Task directions
Find the line with "Euclidean space is". Transcribe it and each later line of the data exactly, up to and including the last.

(Collected data entries)

(* Let $\alpha>0$ and let $(X_t;t\geq0)$ be an $\alpha$-IDT process which is stochastically continuous and has independent increments. Then $X$ is a time-changed Lévy process with the deterministic chronometer $h(t)=t^{\alpha}$, i.e. there is a Lévy process $(L_t;t\geq0)$ such that $(X_t;t\geq0)\stackrel{(law)}{=}(L_{t^\alpha};t\geq0)$ as processes.
   Context: For $\alpha>0$, a stochastic process $X=(X_t;t\geq0)$ (real or $\mathbb{R}^d$-valued) is called an $\alpha$-IDT process if for every integer $n\geq1$, $(X_{n^{1/\alpha}t};t\geq0)\stackrel{(law)}{=}(X^{(1)}_t+\cdots+X^{(n)}_t;t\geq0)$, where $X^{(1)},\dots,X^{(n)}$ are independent copies of $X$; equality in law means equality of all finite-dimensional distributions. *)

theory Defs
  imports "HOL-Probability.Probability"
begin

definition is_process :: "'w measure \<Rightarrow> (real \<Rightarrow> 'w \<Rightarrow> 'a::euclidean_space) \<Rightarrow> bool" where
  "is_process M X \<longleftrightarrow> prob_space M \<and> (\<forall>t\<ge>0. X t \<in> borel_measurable M)"

definition fdd :: "'w measure \<Rightarrow> (real \<Rightarrow> 'w \<Rightarrow> 'a::euclidean_space) \<Rightarrow> real list \<Rightarrow> (nat \<Rightarrow> 'a) measure" where
  "fdd M X ts = distr M (PiM {..<length ts} (\<lambda>_. borel)) (\<lambda>\<omega>. \<lambda>i\<in>{..<length ts}. X (ts ! i) \<omega>)"

definition eq_law :: "'w measure \<Rightarrow> (real \<Rightarrow> 'w \<Rightarrow> 'a::euclidean_space) \<Rightarrow>
    'v measure \<Rightarrow> (real \<Rightarrow> 'v \<Rightarrow> 'a) \<Rightarrow> bool" where
  "eq_law M X N Y \<longleftrightarrow> (\<forall>ts. (\<forall>t\<in>set ts. 0 \<le> t) \<longrightarrow> fdd M X ts = fdd N Y ts)"

text \<open>The independent copies are realised canonically on the
  product space PiM {..<n} (\<lambda>_. M): the i-th copy is X t (\<omega> i).\<close>
definition alpha_IDT :: "real \<Rightarrow> 'w measure \<Rightarrow> (real \<Rightarrow> 'w \<Rightarrow> 'a::euclidean_space) \<Rightarrow> bool" where
  "alpha_IDT \<alpha> M X \<longleftrightarrow> is_process M X \<and>
     (\<forall>n::nat. n \<ge> 1 \<longrightarrow>
        eq_law M (\<lambda>t \<omega>. X (real n powr (1 / \<alpha>) * t) \<omega>)
               (PiM {..<n} (\<lambda>_. M)) (\<lambda>t \<omega>. \<Sum>i<n. X t (\<omega> i)))"

definition stoch_continuous :: "'w measure \<Rightarrow> (real \<Rightarrow> 'w \<Rightarrow> 'a::euclidean_space) \<Rightarrow> bool" where
  "stoch_continuous M X \<longleftrightarrow>
     (\<forall>t\<ge>0. \<forall>\<epsilon>>0.
        ((\<lambda>s. measure M {\<omega>\<in>space M. dist (X s \<omega>) (X t \<omega>) > \<epsilon>}) \<longlongrightarrow> 0) (at t within {0..}))"

definition indep_increments :: "'w measure \<Rightarrow> (real \<Rightarrow> 'w \<Rightarrow> 'a::euclidean_space) \<Rightarrow> bool" where
  "indep_increments M X \<longleftrightarrow>
     (\<forall>ts. sorted_wrt (<) ts \<longrightarrow> (\<forall>t\<in>set ts. 0 \<le> t) \<longrightarrow>
        prob_space.indep_vars M (\<lambda>_. borel)
          (\<lambda>i \<omega>. X (ts ! Suc i) \<omega> - X (ts ! i) \<omega>) {..<length ts - 1})"

definition stationary_increments :: "'w measure \<Rightarrow> (real \<Rightarrow> 'w \<Rightarrow> 'a::euclidean_space) \<Rightarrow> bool" where
  "stationary_increments M X \<longleftrightarrow>
     (\<forall>s\<ge>0. \<forall>t\<ge>0. distr M borel (\<lambda>\<omega>. X (t + s) \<omega> - X s \<omega>) = distr M borel (X t))"

definition levy_process :: "'w measure \<Rightarrow> (real \<Rightarrow> 'w \<Rightarrow> 'a::euclidean_space) \<Rightarrow> bool" where
  "levy_process M L \<longleftrightarrow> is_process M L \<and> (AE \<omega> in M. L 0 \<omega> = 0) \<and>
     indep_increments M L \<and> stationary_increments M L \<and> stoch_continuous M L"

end

theory Submission
  imports Defs
begin

text \<open>
  Put Y t = X (t powr (1/\<alpha>)) and let \<phi> t be the characteristic function of Y t at a fixed
  argument. The IDT property at a single time gives \<phi> (k * t) = \<phi> t ^ k for natural k; at
  t = 0 and k = 2 this makes the characteristic function of Y 0 idempotent, hence identically 1
  by continuity, so Y 0 = 0 almost surely. Stochastic continuity makes \<phi> continuous, which
  rules out zeros and, by dyadic approximation, turns \<phi> (k * t) = \<phi> t ^ k into
  \<phi> (s + t) = \<phi> s * \<phi> t. Independence of Y s and Y (s + t) - Y s then shows that the
  increment has characteristic function \<phi> t, so Y has stationary increments and is a Levy
  process, while X t = Y (t powr \<alpha>) pointwise. That characteristic functions determine laws on
  Euclidean space is proved via Stone-Weierstrass for trigonometric polynomials.
\<close>

section \<open>Trigonometric polynomials\<close>

inductive_set trig_polynomial :: "('a::euclidean_space \<Rightarrow> real) set" where
  cos: "(\<lambda>x. a * cos (u \<bullet> x + c)) \<in> trig_polynomial"
| add: "f \<in> trig_polynomial \<Longrightarrow> g \<in> trig_polynomial \<Longrightarrow> (\<lambda>x. f x + g x) \<in> trig_polynomial"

The completed task
  Euclidean space is proved via Stone-Weierstrass for trigonometric polynomials.
\<close>

section \<open>Trigonometric polynomials\<close>

inductive_set trig_polynomial :: "('a::euclidean_space \<Rightarrow> real) set" where
  cos: "(\<lambda>x. a * cos (u \<bullet> x + c)) \<in> trig_polynomial"
| add: "f \<in> trig_polynomial \<Longrightarrow> g \<in> trig_polynomial \<Longrightarrow> (\<lambda>x. f x + g x) \<in> trig_polynomial"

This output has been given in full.